The disease, which was widely spread several centuries ago, is now extremely rare.
A few months ago, as the BBC reports, the doctors at Countess of Chester Hospital in Wales delivered a 15-year-old teenager whose arms and legs were covered with a rash, a rather unusual diagnosis – cowpox. Across the country, such a disease has not been seen for more than a decade, although only a few centuries ago it was quite widespread. In addition, this disease played an important role for one of the most significant discoveries in the history of medicine.
The word “vaccine” comes from the Latin word vacca, meaning a cow, or, more precisely, from the word vaccinia (Latin “cowpox”). In the 18th century, the English physician Edward Jenner noticed that cowpox, often found among thrush, made them less prone to another, much more dangerous disease – a smallpox. In 1796, Jenner first applied vaccine against smallpox, obtained from vesicles on the arm of a patient with cowpox.

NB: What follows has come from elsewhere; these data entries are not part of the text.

(* Let $v\in H^1$ satisfy $|v(x)|_{\mathbb R^3}=1$ for Lebesgue-a.e. $x\in\mathcal O$. Then the following equality holds in $(H^1)'$: $$v\times(v\times\Delta v)=-\Delta v-|\nabla v|_{\mathbb R^3}^2\,v.$$
   Context: $\mathcal O\subset\mathbb R$ is a bounded interval; $L^2$, $H^1$ are $\mathbb R^3$-valued spaces on $\mathcal O$, $(H^1)'$ the dual of $H^1$; $\times$ is the vector product in $\mathbb R^3$. For $v,\phi\in H^1$ the elements of $(H^1)'$ are defined by ${}_{(H^1)'}\langle\Delta v,\phi\rangle_{H^1}=-\langle\nabla v,\nabla\phi\rangle_{L^2}$, ${}_{(H^1)'}\langle v\times(v\times\Delta v),\phi\rangle_{H^1}=-\langle\nabla((\phi\times v)\times v),\nabla v\rangle_{L^2}$, and ${}_{(H^1)'}\langle|\nabla v|^2_{\mathbb R^3}v,\phi\rangle_{H^1}=\int_{\mathcal O}|\nabla v(x)|^2_{\mathbb R^3}\langle v(x),\phi(x)\rangle_{\mathbb R^3}\,dx$. *)

theory Defs
  imports "HOL-Analysis.Analysis"
begin

definition test_fun :: "real set \<Rightarrow> (real \<Rightarrow> real) \<Rightarrow> bool" where
  "test_fun S \<psi> \<longleftrightarrow>
     (\<forall>n x. ((deriv ^^ n) \<psi>) differentiable (at x)) \<and>
     compact (closure {x. \<psi> x \<noteq> 0}) \<and> closure {x. \<psi> x \<noteq> 0} \<subseteq> S"
lemma f_at_div_lin_sq: "j \<in> {1..h} \<Longrightarrow> f_at r div [:-lam q j r, 1:] ^ 2 = G_loc j r"
  using f_at_eq_lin_sq_G_loc[of j r] by (simp add: lin_def[symmetric])

lemma component_Fc: assumes "j \<in> {0..h}" "r < n" "r' < n"
  shows "component r' (Fc n q j r) = (if r' = r then F_loc j r else 0)"
  unfolding Fc_def f_at_div_lin[OF assms(1)] by (rule component_xpoly_Eu[OF assms(2,3)])

lemma component_Gc: assumes "j \<in> {1..h}" "r < n" "r' < n"
  shows "component r' (Gc n q j r) = (if r' = r then G_loc j r else 0)"
  unfolding Gc_def f_at_div_lin_sq[OF assms(1)] by (rule component_xpoly_Eu[OF assms(2,3)])

lemma component_Eid: assumes "j \<in> {0..h}" "r < n" "r' < n"
  shows "component r' (Eid n q j r) = (if r' = r then E_loc j r else 0)"
  using assms by (cases "j = 0") (simp_all add: Eid_def E_loc_def Gp_def component_Fc component_Gc)

lemma component_sum_delta:
  assumes r': "r' < n" and "finite J"
    and X: "\<And>j r. j \<in> J \<Longrightarrow> r < n \<Longrightarrow> component r' (X j r) = (if r' = r then Y j else 0)"
  shows "component r' (\<Sum>(j, r)\<in>J \<times> {0..<n}. sc (c (j, r)) (X j r)) = (\<Sum>j\<in>J. smult (c (j, r')) (Y j))"
proof -
  have "component r' (\<Sum>(j, r)\<in>J \<times> {0..<n}. sc (c (j, r)) (X j r))
      = (\<Sum>j\<in>J. \<Sum>r\<in>{0..<n}. smult (c (j, r)) (component r' (X j r)))"
    unfolding component_sum sum.cartesian_product[symmetric] by (simp add: split_beta)
  also have "\<dots> = (\<Sum>j\<in>J. \<Sum>r\<in>{0..<n}. if r' = r then smult (c (j, r')) (Y j) else 0)"
    by (intro sum.cong refl) (auto simp: X)
  also have "\<dots> = (\<Sum>j\<in>J. smult (c (j, r')) (Y j))" using r' by simp
  finally show ?thesis .
qed

lemma component_sum_Fc: assumes "r' < n" "J \<subseteq> {0..h}"
  shows "component r' (\<Sum>(j, r)\<in>J \<times> {0..<n}. sc (c (j, r)) (Fc n q j r)) = (\<Sum>j\<in>J. smult (c (j, r')) (F_loc j r'))"
  using assms finite_subset[OF assms(2)] by (intro component_sum_delta) (auto simp: component_Fc)

lemma component_sum_Gc: assumes "r' < n"
  shows "component r' (\<Sum>(j, r)\<in>{1..h} \<times> {0..<n}. sc (c (j, r)) (Gc n q j r)) = (\<Sum>j\<in>{1..h}. smult (c (j, r')) (G_loc j r'))"
  using assms by (intro component_sum_delta) (auto simp: component_Gc)

lemma component_sum_Eid: assumes "r' < n"
  shows "component r' (\<Sum>(j, r)\<in>{0..h} \<times> {0..<n}. sc (c (j, r)) (Eid n q j r)) = (\<Sum>j\<in>{0..h}. smult (c (j, r')) (E_loc j r'))"
  using assms by (intro component_sum_delta) (auto simp: component_Eid)

section \<open>The Jacobson radical\<close>

lemma A_ideal_0: "A_ideal n S \<Longrightarrow> 0 \<in> S"
  and A_ideal_add: "A_ideal n S \<Longrightarrow> P \<in> S \<Longrightarrow> Q \<in> S \<Longrightarrow> P + Q \<in> S"
  and A_ideal_mult: "A_ideal n S \<Longrightarrow> P \<in> S \<Longrightarrow> R * P \<in> S"
  and A_ideal_congI: "A_ideal n S \<Longrightarrow> P \<in> S \<Longrightarrow> congI n P Q \<Longrightarrow> Q \<in> S"
  unfolding A_ideal_def by blast+

definition max_ideal :: "nat \<Rightarrow> complex \<Rightarrow> complex poly poly set" where
  "max_ideal r \<mu> = {P. poly (component r P) \<mu> = 0}"

lemma A_maximal_max_ideal: assumes "r < n" "poly (f_at r) \<mu> = 0" shows "A_maximal n (max_ideal r \<mu>)"
  unfolding A_maximal_def
proof (intro conjI allI impI)
  show ideal: "A_ideal n (max_ideal r \<mu>)"
    unfolding A_ideal_def max_ideal_def
  proof (intro conjI ballI allI impI; simp)
    fix P Q assume P: "poly (component r P) \<mu> = 0" and "congI n P Q"
    then obtain K where "component r P - component r Q = f_at r * K"
      using assms(1) by (auto simp: congI_iff_components dvd_def)
    hence "poly (component r P) \<mu> - poly (component r Q) \<mu> = poly (f_at r) \<mu> * poly K \<mu>"
      by (metis poly_diff poly_mult)
    thus "poly (component r Q) \<mu> = 0" using P assms(2) by simp
  qed
  show "1 \<notin> max_ideal r \<mu>" by (simp add: max_ideal_def)
  fix T assume T: "A_ideal n T \<and> max_ideal r \<mu> \<subseteq> T"
  show "T = max_ideal r \<mu> \<or> 1 \<in> T"
  proof (cases "T = max_ideal r \<mu>")
    case False
    then obtain P where P: "P \<in> T" "P \<notin> max_ideal r \<mu>" using T by blast
    define c where "c = poly (component r P) \<mu>"
    have c0: "c \<noteq> 0" using P by (simp add: max_ideal_def c_def)
    have TI: "A_ideal n T" using T by blast
    have "P - sc c 1 \<in> T" using T by (auto simp: max_ideal_def c_def)
    hence "P + (-1) * (P - sc c 1) \<in> T" by (intro A_ideal_add[OF TI P(1)] A_ideal_mult[OF TI])
    hence "gpoly [:inverse c:] * sc c 1 \<in> T" by (simp add: A_ideal_mult[OF TI])
    moreover have "gpoly [:inverse c:] * sc c 1 = 1"
      using c0 by (simp add: sc_eq_gpoly_mult gpoly_mult gpoly_def one_pCons)
    ultimately show ?thesis by simp
  qed simp
qed

lemma jac_component_vanishes:
  assumes "P \<in> jac n" "r < n" "k \<in> {0..h}" shows "poly (component r P) (lam q k r) = 0"
proof -
  have "poly (f_at r) (lam q k r) = 0" using f_at_eq_lin_F_loc[OF assms(3), of r] by simp
  hence "A_maximal n (max_ideal r (lam q k r))" by (rule A_maximal_max_ideal[OF assms(2)])
  thus ?thesis using assms(1) by (auto simp: jac_def max_ideal_def)
qed

lemma jac_congI: "P \<in> jac n \<Longrightarrow> congI n P Q \<Longrightarrow> Q \<in> jac n"
  and jac_add: "P \<in> jac n \<Longrightarrow> Q \<in> jac n \<Longrightarrow> P + Q \<in> jac n"
  and jac_mult: "P \<in> jac n \<Longrightarrow> R * P \<in> jac n"
  and jac_0: "0 \<in> jac n"
  unfolding jac_def A_maximal_def
  by (auto intro: A_ideal_congI A_ideal_add A_ideal_mult A_ideal_0)

lemma jac_sum: "(\<And>i. i \<in> A \<Longrightarrow> f i \<in> jac n) \<Longrightarrow> (\<Sum>i\<in>A. f i) \<in> jac n"
  by (induction A rule: infinite_finite_induct) (auto intro: jac_0 jac_add)

lemma jac_sc: "P \<in> jac n \<Longrightarrow> sc c P \<in> jac n"
  unfolding sc_eq_gpoly_mult by (rule jac_mult)

lemma A_ideal_adjoin:
  assumes S: "A_ideal n S"
  shows "A_ideal n {Q. \<exists>s\<in>S. \<exists>R. congI n Q (s + R * F)}"
  unfolding A_ideal_def
proof (intro conjI ballI allI impI; clarsimp)
  show "\<exists>s\<in>S. \<exists>R. congI n 0 (s + R * F)"
    using A_ideal_0[OF S] by (intro bexI[of _ 0] exI[of _ 0]) (simp_all add: congI_refl)
next
  fix P Q s1 R1 s2 R2 assume "s1 \<in> S" "congI n P (s1 + R1 * F)" "s2 \<in> S" "congI n Q (s2 + R2 * F)"
  moreover have "congI n (P + Q) ((s1 + s2) + (R1 + R2) * F)"
    using congI_add[OF calculation(2,4)] by (simp add: algebra_simps)
  ultimately show "\<exists>s\<in>S. \<exists>R. congI n (P + Q) (s + R * F)" by (blast intro: A_ideal_add[OF S])
next
  fix P R s1 R1 assume "s1 \<in> S" "congI n P (s1 + R1 * F)"
  moreover have "congI n (R * P) (R * s1 + (R * R1) * F)"
    using congI_mult_right[OF calculation(2), of R] by (simp add: algebra_simps)
  ultimately show "\<exists>s\<in>S. \<exists>R'. congI n (R * P) (s + R' * F)" by (blast intro: A_ideal_mult[OF S])
next
  fix P Q s1 R1 assume "congI n P Q" "s1 \<in> S" "congI n P (s1 + R1 * F)"
  thus "\<exists>s\<in>S. \<exists>R. congI n Q (s + R * F)" by (blast intro: congI_trans congI_sym)
qed

text \<open>A nilpotent element lies in every maximal ideal: otherwise 1 = s + R F with s \<in> S,
  and then F = F s + R F^2 \<in> S.\<close>

lemma square_zero_in_jac: assumes "congI n (F * F) 0" shows "F \<in> jac n"
  unfolding jac_def
proof (clarify, rule ccontr)
  fix S assume S: "A_maximal n S" and F: "F \<notin> S"
  have SI: "A_ideal n S" using S by (simp add: A_maximal_def)
  let ?T = "{Q. \<exists>s\<in>S. \<exists>R. congI n Q (s + R * F)}"
  have "S \<subseteq> ?T"
  proof
    fix s assume "s \<in> S"
    thus "s \<in> ?T" using congI_refl[of s] by (auto intro!: bexI[of _ s] exI[of _ 0])
  qed
  moreover have "F \<in> ?T"
    using A_ideal_0[OF SI] by (auto intro!: bexI[of _ 0] exI[of _ 1] simp: congI_refl)
  ultimately have "1 \<in> ?T" using S A_ideal_adjoin[OF SI] F unfolding A_maximal_def by blast
  then obtain s R where sR: "s \<in> S" "congI n 1 (s + R * F)" by blast
  have "F * F \<in> S" using A_ideal_congI[OF SI A_ideal_0[OF SI] congI_sym[OF assms]] .
  hence "F * s + R * (F * F) \<in> S"
    using A_ideal_add[OF SI A_ideal_mult[OF SI sR(1), of F]] A_ideal_mult[OF SI] by blast
  moreover have "congI n (F * s + R * (F * F)) F"
    using congI_mult_right[OF sR(2), of F] by (auto simp: algebra_simps intro: congI_sym)
  ultimately show False using F A_ideal_congI[OF SI] by blast
qed

lemma Fc_square_zero: "j \<in> {1..h} \<Longrightarrow> r < n \<Longrightarrow> congI n (Fc n q j r * Fc n q j r) 0"
  unfolding congI_0_iff_components using f_at_dvd_F_loc_F_loc by (auto simp: component_Fc)

lemma Fc_in_jac: "j \<in> {1..h} \<Longrightarrow> r < n \<Longrightarrow> Fc n q j r \<in> jac n"
  by (rule square_zero_in_jac[OF Fc_square_zero])

lemma components_vanish_imp_congI_Fc_comb:
  assumes "\<forall>r<n. \<forall>k\<in>{0..h}. poly (component r P) (lam q k r) = 0"
  shows "\<exists>c. congI n P (\<Sum>(j, r)\<in>{1..h} \<times> {0..<n}. sc (c (j, r)) (Fc n q j r))"
proof -
  have "\<forall>r. \<exists>a. r < n \<longrightarrow> f_at r dvd component r P - (\<Sum>j\<in>{1..h}. smult (a j) (F_loc j r))"
    using assms lin_0_T_dvd_if_vanishing lin_0_T_dvd_imp_F_loc_comb by metis
  then obtain A where A: "\<And>r. r < n \<Longrightarrow> f_at r dvd component r P - (\<Sum>j\<in>{1..h}. smult (A r j) (F_loc j r))"
    by metis
  define c where "c x = A (snd x) (fst x)" for x
  have "congI n P (\<Sum>(j, r)\<in>{1..h} \<times> {0..<n}. sc (c (j, r)) (Fc n q j r))"
    unfolding congI_iff_components
    using A component_sum_Fc[of _ "{1..h}" c] by (simp add: c_def)
  thus ?thesis by blast
qed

A modern British teenager, according to the BBC, was infected with cowpox, apparently when he fed several calves. (This, by the way, is even more unfortunate than it may seem at first glance – since, despite the name, cowpox is most often picked up from cats and rodents.) The boy later developed festering rashes on his arms and legs; First he was examined by a family doctor and then immediately sent to the hospital Countess of Chester Hospital, where he was diagnosed accurately.
According to Robert Smith, a specialist from the Countess of Chester Hospital, cowpox has not been registered in Wales for the last 10-15 years. From 1975 to 1992 As reported by Smith, 29 cases were recorded.